June 21, 2013

Experts: Talks with Taliban are risky

Peace talks with the Taliban might help end 12 years of war in Afghanistan, but the radical Islamist group's objectives may be so extreme — and so hated by Afghans — that any compromise risks toppling the U.S.-friendly Afghan government and sparking a civil war, experts say.

"Talks are ultimately what is necessary to have a sustainable peace in Afghanistan," says Nora Bensahel, an analyst at the Center for a New American Security."For there to be peace," the Taliban has to stop attacking the Afghan government, agree to become part of it and accept the Afghan constitution, Bensahel says. The Taliban hasn't accepted it, but "that's part of what the talks are designed to try and reach."

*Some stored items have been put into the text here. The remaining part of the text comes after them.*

lemma iid_prob_eq_iid_prob_on:
  "iid_prob m n N \<mu> \<nu> E = iid_prob_on ({1..m} \<times> {1..n}) (\<lambda>x. \<mu> (fst x) * \<nu> (snd x)) N E"
  unfolding iid_prob_def iid_prob_on_def by simp

lemma iid_prob_on_indicator:
  assumes "finite S"
  shows "iid_prob_on S w N E = (\<Sum>s\<in>{..<N} \<rightarrow>\<^sub>E S. if E s then \<Prod>k<N. w (s k) else 0)"
  unfolding iid_prob_on_def using assms by (simp add: sum.inter_filter finite_PiE)

lemma sum_PiE_prod_eq_power:
  fixes g :: "'x \<Rightarrow> real"
  assumes "finite S"
  shows "(\<Sum>s\<in>{..<N} \<rightarrow>\<^sub>E S. \<Prod>k<N. g (s k)) = (\<Sum>x\<in>S. g x) ^ N"
  using prod_sum_PiE[of "{..<N}" "\<lambda>_. S" "\<lambda>_. g"] assms by simp

lemma prod_weights_nonneg:
  assumes "\<And>x. x \<in> S \<Longrightarrow> w x \<ge> (0::real)" and "s \<in> {..<N} \<rightarrow>\<^sub>E S"
  shows "(\<Prod>k<N. w (s k)) \<ge> 0"
  using assms by (intro prod_nonneg) (auto simp: PiE_def Pi_def)

lemma iid_prob_on_mono:
  assumes "finite S" "\<And>x. x \<in> S \<Longrightarrow> w x \<ge> 0" "\<And>s. s \<in> {..<N} \<rightarrow>\<^sub>E S \<Longrightarrow> E s \<Longrightarrow> F s"
  shows "iid_prob_on S w N E \<le> iid_prob_on S w N F"
  unfolding iid_prob_on_indicator[OF assms(1)]
  using assms(3) prod_weights_nonneg[where S=S and w=w, OF assms(2)] by (intro sum_mono) auto

lemma iid_prob_mono:
  assumes "\<And>a. a \<in> {1..m} \<Longrightarrow> \<mu> a \<ge> 0" "\<And>b. b \<in> {1..n} \<Longrightarrow> \<nu> b \<ge> 0"
    and "\<And>s. s \<in> {..<N} \<rightarrow>\<^sub>E {1..m} \<times> {1..n} \<Longrightarrow> E s \<Longrightarrow> F s"
  shows "iid_prob m n N \<mu> \<nu> E \<le> iid_prob m n N \<mu> \<nu> F"
  unfolding iid_prob_eq_iid_prob_on using assms by (intro iid_prob_on_mono) auto

lemma iid_prob_on_union_bound:
  assumes "finite S" "\<And>x. x \<in> S \<Longrightarrow> w x \<ge> 0" "(\<Sum>x\<in>S. w x) = 1" "finite J"
    and "\<And>s. s \<in> {..<N} \<rightarrow>\<^sub>E S \<Longrightarrow> \<not> E s \<Longrightarrow> \<exists>j\<in>J. F j s"
  shows "iid_prob_on S w N E \<ge> 1 - (\<Sum>j\<in>J. iid_prob_on S w N (F j))"
proof -
  let ?W = "\<lambda>s. \<Prod>k<N. w (s k)"
  have "(if E s then 0 else ?W s) \<le> (\<Sum>j\<in>J. if F j s then ?W s else 0)"
    if s: "s \<in> {..<N} \<rightarrow>\<^sub>E S" for s
  proof (cases "E s")
    case False
    then obtain j where "j \<in> J" "F j s"
      using assms(5)[OF s] by blast
    then show ?thesis
      using False assms(4) prod_weights_nonneg[where S=S and w=w, OF assms(2) s]
      by (intro order_trans[OF _ member_le_sum[of j]]) auto
  qed (use prod_weights_nonneg[where S=S and w=w, OF assms(2) s] in \<open>auto intro: sum_nonneg\<close>)
  then have "(\<Sum>s\<in>{..<N} \<rightarrow>\<^sub>E S. if E s then 0 else ?W s) \<le> (\<Sum>j\<in>J. iid_prob_on S w N (F j))"
    unfolding iid_prob_on_indicator[OF assms(1)] by (subst sum.swap) (rule sum_mono)
  moreover have "iid_prob_on S w N E + (\<Sum>s\<in>{..<N} \<rightarrow>\<^sub>E S. if E s then 0 else ?W s)
                   = (\<Sum>s\<in>{..<N} \<rightarrow>\<^sub>E S. ?W s)"
    unfolding iid_prob_on_indicator[OF assms(1)] sum.distrib[symmetric] by (intro sum.cong) auto
  moreover have "(\<Sum>s\<in>{..<N} \<rightarrow>\<^sub>E S. ?W s) = 1"
    using sum_PiE_prod_eq_power[OF assms(1), where N=N and g=w] assms(3) by simp
  ultimately show ?thesis
    by linarith
qed

lemma exp_le_quadratic:
  fixes y :: real
  assumes "\<bar>y\<bar> \<le> 1"
  shows "exp y \<le> 1 + y + y\<^sup>2"
proof (cases "y \<ge> 0")
  case True
  then show ?thesis
    using exp_bound[of y] assms by simp
next
  case False
  have "(1 + y + y\<^sup>2) * (1 - y) = 1 - y ^ 3"
    by (simp add: power2_eq_square power3_eq_cube algebra_simps)
  also have "\<dots> \<ge> 1"
    using False by (simp add: odd_power_less_zero less_imp_le)
  finally have "exp y * (1 - y) \<le> (1 + y + y\<^sup>2) * (1 - y)"
    using exp_ge_add_one_self[of "- y"] mult_left_mono[of "1 - y" "exp (- y)" "exp y"]
    by (simp add: exp_minus field_simps)
  then show ?thesis
    using False by (simp add: mult_le_cancel_right)
qed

The Taliban continues to rule with vicious brutality in areas it controls, garnering no trust with its chief rivals in Afghanistan's north, says Ryan Evans of the Center for the National Interest. Allowing the Taliban back into a government role as part of negotiations will probably lead to a war between Afghans once U.S. troops depart in 2014 as scheduled, says Evans, one of the authors of the report "Talking to the Taliban," published Thursday by the New America Foundation and the London-based International Centre for the Study of Radicalisation and Political Violence.

"We're likely to see something similar to 1990's civil war," Evans says. "The big danger once we leave is Afghan security forces will fracture." The Taliban continues to fight to try to regain the country it ruled before the U.S. invasion of 2001 after the 9/11 attacks. A clerical movement of Islamists, the Taliban sheltered Osama bin Laden and allowed al-Qaeda terror training camps to operate in Afghanistan.

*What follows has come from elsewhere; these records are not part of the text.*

lemma zero_notin_convex_hull_pointed_cone_sphere:
  assumes "convex_cone S" "S \<inter> uminus ` S = {0}"
  shows "0 \<notin> convex hull (S \<inter> sphere 0 1)"
proof
  assume "0 \<in> convex hull (S \<inter> sphere 0 1)"
  then obtain s u where s: "finite s" "s \<subseteq> S \<inter> sphere 0 1" "\<forall>x\<in>s. 0 \<le> u x"
      "sum u s = 1" "(\<Sum>x\<in>s. u x *\<^sub>R x) = 0"
    unfolding convex_hull_explicit by blast
  obtain v where v: "v \<in> s" "u v > 0"
    using s(3,4) sum.neutral[of s u] by (metis less_eq_real_def zero_neq_one)
  have "u v *\<^sub>R v \<in> S"
    using s(2) v assms(1) by (auto intro: convex_cone_scaleR)
  moreover have "(\<Sum>x\<in>s - {v}. u x *\<^sub>R x) \<in> S"
    using s(2,3) assms(1) by (auto intro!: convex_cone_sum convex_cone_scaleR)
  moreover have "u v *\<^sub>R v + (\<Sum>x\<in>s - {v}. u x *\<^sub>R x) = 0"
    using s(1,5) v(1) by (simp add: sum.remove)
  ultimately have "u v *\<^sub>R v = 0" by (rule pointed_add_eq_0[OF assms(2)])
  then show False using v s(2) by auto
qed

lemma pointed_closed_convex_cone_coercive_functional:
  fixes S :: "'a::euclidean_space set"
  assumes "convex_cone S" "closed S" "S \<inter> uminus ` S = {0}"
  obtains w \<kappa> where "\<kappa> > 0" "\<And>x. x \<in> S \<Longrightarrow> \<kappa> * norm x \<le> w \<bullet> x"
proof -
  let ?K = "S \<inter> sphere 0 1"
  have "closed (convex hull ?K)"
    by (simp add: assms(2) closed_Int_compact compact_convex_hull compact_imp_closed)
  then obtain w b where "0 < b" and wb: "\<And>x. x \<in> convex hull ?K \<Longrightarrow> w \<bullet> x > b"
    using separating_hyperplane_closed_0[OF convex_convex_hull _ zero_notin_convex_hull_pointed_cone_sphere[OF assms(1,3)]]
    by blast
  have "b * norm x \<le> w \<bullet> x" if "x \<in> S" for x
  proof (cases "x = 0")
    case False
    have "x /\<^sub>R norm x \<in> S"
      using that assms(1) by (simp add: convex_cone_scaleR)
    with False have "x /\<^sub>R norm x \<in> convex hull ?K"
      by (intro hull_inc) simp
    then have "b < w \<bullet> (x /\<^sub>R norm x)" by (rule wb)
    then have "b < (w \<bullet> x) / norm x" by (simp add: divide_inverse_commute)
    then show ?thesis using False by (simp add: field_simps)
  qed simp
  then show ?thesis using that \<open>0 < b\<close> by blast
qed

lemma ball_subset_imp_le_infdist_frontier:
  assumes "ball x e \<subseteq> S" "frontier S \<noteq> {}"
  shows "e \<le> infdist x (frontier S)"
proof -
  have "ball x e \<subseteq> interior S" using assms(1) by (rule interior_maximal) simp
  then have "e \<le> dist x y" if "y \<in> frontier S" for y
    using that by (force simp: frontier_def)
  then show ?thesis using assms(2) by (simp add: infdist_notempty cINF_greatest)
qed
lemma linear_eq_sum_coords:
  "linear (l :: real^'r \<Rightarrow> real) \<Longrightarrow> l x = (\<Sum>i\<in>UNIV. x $ i * l (axis i 1))"
proof -
  assume l: "linear l"
  have "l x = l (\<Sum>i\<in>UNIV. x $ i *\<^sub>R axis i 1)"
    using basis_expansion[of x] by (simp add: scalar_mult_eq_scaleR)
  also have "\<dots> = (\<Sum>i\<in>UNIV. x $ i * l (axis i 1))"
    by (simp add: linear_sum[OF l] linear_cmul[OF l])
  finally show ?thesis .
qed

lemma ppoly_linear:
  fixes l :: "real^'r \<Rightarrow> real"
  assumes l: "linear l"
  shows "ppoly G 1 (\<lambda>x. of_real (l x) :: 'a::real_normed_field)"
proof -
  define c :: "'r \<Rightarrow> 'a" where "c i = of_real (l (axis i 1))" for i
  have "ppoly G 1 (\<lambda>x. of_real (x $ i) * (1 :: 'a))" for i
    using ppoly.mult_coord[OF ppoly_const[of G 0 1]] by simp
  then have "ppoly G 1 (\<lambda>x. \<Sum>i\<in>UNIV. c i * (of_real (x $ i) * 1))"
    by (intro ppoly_sum ppoly_cmult)
  moreover have "(of_real (l x) :: 'a) = (\<Sum>i\<in>UNIV. c i * (of_real (x $ i) * 1))" for x
    unfolding linear_eq_sum_coords[OF l, of x] of_real_sum c_def by (simp add: mult.commute)
  ultimately show ?thesis
    by simp
qed

lemma ppoly_gchoose:
  assumes "ppoly G 1 (\<lambda>x. of_real (t x) :: 'a::real_normed_field)"
  shows "ppoly G k (\<lambda>x. of_real (t x gchoose k) :: 'a)"
proof -
  have "ppoly G (\<Sum>j\<in>{0..<k}. 1) (\<lambda>x. \<Prod>j\<in>{0..<k}. (of_real (t x) :: 'a) - of_nat j)"
    by (intro ppoly_prod ppoly_diff[OF assms] ppoly_const)
  then have "ppoly G k
      (\<lambda>x. of_real (inverse (fact k)) * (\<Prod>j\<in>{0..<k}. (of_real (t x) :: 'a) - of_nat j))"
    by (simp add: ppoly_cmult)
  then show ?thesis
    by (simp add: gbinomial_prod_rev of_real_prod divide_inverse mult.commute)
qed

(* The Newton basis in the dual coordinates y of the lattice basis b: the difference along b j
   acts on it as the j-th partial derivative acts on x^M / M!. *)
definition binom_poly ::
  "('r::finite \<Rightarrow> 'v \<Rightarrow> real) \<Rightarrow> 'r multiset \<Rightarrow> 'v \<Rightarrow> 'a::real_normed_field" where
  "binom_poly y M x = of_real (\<Prod>i\<in>UNIV. y i x gchoose count M i)"

lemma binom_poly_empty [simp]: "binom_poly y {#} = (\<lambda>_. 1)"
  by (simp add: binom_poly_def fun_eq_iff)

lemma sum_count_eq_size: "(\<Sum>i\<in>UNIV. count M i) = size (M :: 'r::finite multiset)"
  unfolding size_multiset_overloaded_eq
  by (rule sum.mono_neutral_right) (auto simp: count_eq_zero_iff)

lemma ppoly_binom_poly:
  "(\<And>i. linear (y i)) \<Longrightarrow> ppoly G (size M) (binom_poly y M)"
  unfolding binom_poly_def[abs_def] of_real_prod sum_count_eq_size[symmetric]
  by (intro ppoly_prod ppoly_gchoose ppoly_linear)

lemma fdiff_binom_poly:
  fixes y :: "'r::finite \<Rightarrow> 'v::ab_semigroup_add \<Rightarrow> real"
  assumes shift: "\<And>i x. y i (x + v) = y i x + (if i = j then 1 else 0)"
  shows "fdiff v (binom_poly y M :: 'v \<Rightarrow> 'a::real_normed_field) =
    (if j \<in># M then binom_poly y (M - {#j#}) else (\<lambda>_. 0))"
proof
  fix x
  define R where "R = (\<Prod>i\<in>UNIV - {j}. y i x gchoose count M i)"
  have "(\<Prod>i\<in>UNIV - {j}. y i (x + v) gchoose count M i) = R"
    unfolding R_def by (rule prod.cong) (simp_all add: shift)
  then have shifted:
    "(\<Prod>i\<in>UNIV. y i (x + v) gchoose count M i) = (y j x + 1 gchoose count M j) * R"
    by (simp add: prod.remove[of UNIV j] shift)
  have unshifted: "(\<Prod>i\<in>UNIV. y i x gchoose count M i) = (y j x gchoose count M j) * R"
    by (simp add: R_def prod.remove[of UNIV j])
  have "(\<Prod>i\<in>UNIV - {j}. y i x gchoose count (M - {#j#}) i) = R"
    unfolding R_def by (rule prod.cong) simp_all
  then have lowered:
    "(\<Prod>i\<in>UNIV. y i x gchoose count (M - {#j#}) i) = (y j x gchoose (count M j - 1)) * R"
    by (simp add: prod.remove[of UNIV j])
  have diff: "fdiff v (binom_poly y M :: 'v \<Rightarrow> 'a) x =
      of_real (((y j x + 1 gchoose count M j) - (y j x gchoose count M j)) * R)"
    unfolding fdiff_def binom_poly_def shifted unshifted left_diff_distrib of_real_diff ..
  show "fdiff v (binom_poly y M :: 'v \<Rightarrow> 'a) x =
      (if j \<in># M then binom_poly y (M - {#j#}) else (\<lambda>_. 0)) x"
  proof (cases "j \<in># M")
    case False
    then have "count M j = 0"
      by (simp add: not_in_iff)
    with diff False show ?thesis by simp
  next
    case True
    then obtain a where "count M j = Suc a"
      by (metis count_eq_zero_iff not0_implies_Suc)
    then have "(y j x + 1 gchoose count M j) - (y j x gchoose count M j) =
        y j x gchoose (count M j - 1)"
      by (simp add: gbinomial_Suc_Suc)
    then have "fdiff v (binom_poly y M :: 'v \<Rightarrow> 'a) x = binom_poly y (M - {#j#}) x"
      unfolding diff binom_poly_def lowered by simp
    with True show ?thesis by simp
  qed
qed

lemma fdiffs_binom_poly:
  fixes y :: "'r::finite \<Rightarrow> 'v::ab_semigroup_add \<Rightarrow> real"
  assumes shift: "\<And>i j x. y i (x + b j) = y i x + (if i = j then 1 else 0)"
    and "size N = size M"
  shows "fdiffs (image_mset b N) (binom_poly y M :: 'v \<Rightarrow> 'a::real_normed_field) =
    (\<lambda>_. if N = M then 1 else 0)"
  using assms(2)
proof (induction N arbitrary: M)
  case empty
  then show ?case by simp
next
  case (add j N)
  have "fdiffs (image_mset b (add_mset j N)) (binom_poly y M :: 'v \<Rightarrow> 'a) =
      fdiffs (image_mset b N) (fdiff (b j) (binom_poly y M))"
    by (simp only: image_mset_add_mset fdiffs_add_mset')
  also have "\<dots> = (\<lambda>_. if add_mset j N = M then 1 else 0)"
  proof (cases "j \<in># M")
    case True
    with add.prems have "size N = size (M - {#j#})"
      by (simp add: size_Diff_singleton)
    with True show ?thesis
      by (auto simp: fdiff_binom_poly[of y "b j" j, OF shift] add.IH)
  next
    case False
    then show ?thesis
      by (auto simp: fdiff_binom_poly[of y "b j" j, OF shift])
  qed
  finally show ?case .
qed

definition newton_interpolant ::
  "('r::finite \<Rightarrow> real^'r) \<Rightarrow> ('r \<Rightarrow> real^'r \<Rightarrow> real) \<Rightarrow> nat \<Rightarrow> (real^'r \<Rightarrow> 'a::real_normed_field) \<Rightarrow>
    real^'r \<Rightarrow> 'a" where
  "newton_interpolant b y m p x =
    (\<Sum>M\<in>multisets_of_size UNIV m. fdiffs (image_mset b M) p x * binom_poly y M x)"

lemma ppoly_newton_interpolant:
  fixes b :: "'r::finite \<Rightarrow> real^'r"
  assumes "\<And>i. linear (y i)" and "continuous_on UNIV p" and "diffs_vanish (int_span b) (Suc m) p"
  shows "ppoly (int_span b) m (newton_interpolant b y m p)"
  unfolding newton_interpolant_def[abs_def]
proof (intro ppoly_sum ppoly.mult_periodic)
  fix M :: "'r multiset" assume "M \<in> multisets_of_size UNIV m"
  then have "size M = m"
    by (simp add: multisets_of_size_def)
  then show "periodic_cont (int_span b) (fdiffs (image_mset b M) p)"
    using assms(2,3) by (intro periodic_cont_fdiffs_if_diffs_vanish) (auto simp: int_span_basis)
  show "ppoly (int_span b) m (binom_poly y M)"
    using ppoly_binom_poly[of y "int_span b" M] assms(1) \<open>size M = m\<close> by simp
qed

The U.S.-led invasion ousted the Taliban and over 12 years, the coalition secured major population centers from Taliban fighters, whose leader Mullah Mohammed Omar, a wanted terrorist, is in hiding in Pakistan. The invasion paved the way for free elections and a democratic government. The U.S. government has had discussions for years with representatives of the Taliban. The Obama administration announced this week it planned to enter negotiations with the militants about reaching a peace deal.

Plans for State Department envoy James Dobbins to meet with Taliban officials in Qatar have been put on hold, however, after Afghan President Hamid Karzai objected to the talks. Karzai was angered that the Taliban leaders used the name of the country they once ruled, the Islamic Emirate of Afghanistan, and flew their former flag, while announcing plans to negotiate directly with the United States. Karzai says the Taliban's actions show it still claims to be the legitimate government of Afghanistan and it will seek to rule unfairly and brutally as before.

"The Afghan government is a house divided," Evans says. Powerful factions, especially among the country's Tajik and Uzbek minorities, oppose the talks because "they're afraid the Taliban will gain concessions. They're afraid of paying too high a cost to end the war." Since the talks have not begun, it's unclear whether the Taliban will demand control of sensitive ministries, such as Education, Interior, Defense or Intelligence. Two prominent northern warlords, Gen. Abdul Rashid Dostum and Ismail Khan, "have hinted they would rearm their forces as a hedge against what happens after we leave, with the Taliban in the rest of the country," Evans says. "From the beginning of the year until now, they've been saying things like this."

The country's police forces are likely to split along tribal and ethnic lines, and the Afghan national army, which is dominated by ethnic Tajiks and northerners, is likely to withdraw to the north, Evans says.

The Taliban has never renounced al-Qaeda, which launched the 9/11 attacks from Afghan territory. It continues to rule its territory according to a severe interpretation of Islamic law that includes executing enemies and those accused of moral transgressions such as adultery, Evans says, citing what he saw while doing cultural research for the Defense Department in Afghan areas recaptured from Taliban control in 2010 and 2011.

Some Afghanistan experts say the gains made by the U.S. military have created an opportunity for compromise. "If we do not take the opportunity to negotiate a compromise, the result will be total defeat," says Stephen Biddle, an analyst at the Council on Foreign Relations who served as an adviser to Gen. Stanley McChrystal, former commander of U.S. forces in Afghanistan.

When the Taliban agreed to talks in Qatar, it said it sought a "political and peaceful solution which ends the occupation of Afghanistan, establishes an independent Islamic government and brings true security," Biddle says. The Taliban said it does not wish to harm other countries. Those are signs that compromise is possible, Biddle says.

Biddle says he was in Afghanistan in March and talked to leaders of the Northern Alliance, fighters who sided with the United States during the invasion, and found that their opposition to talks with the Taliban is not as strong as it was a year ago."Skeptics about negotiations think the Taliban aren't serious, that this is just a sham," Biddle says. "I don't agree." By entering negotiations, the Taliban risks signaling to its enemies that it's weakened, Biddle says. "If they don't care, why are they bothering?"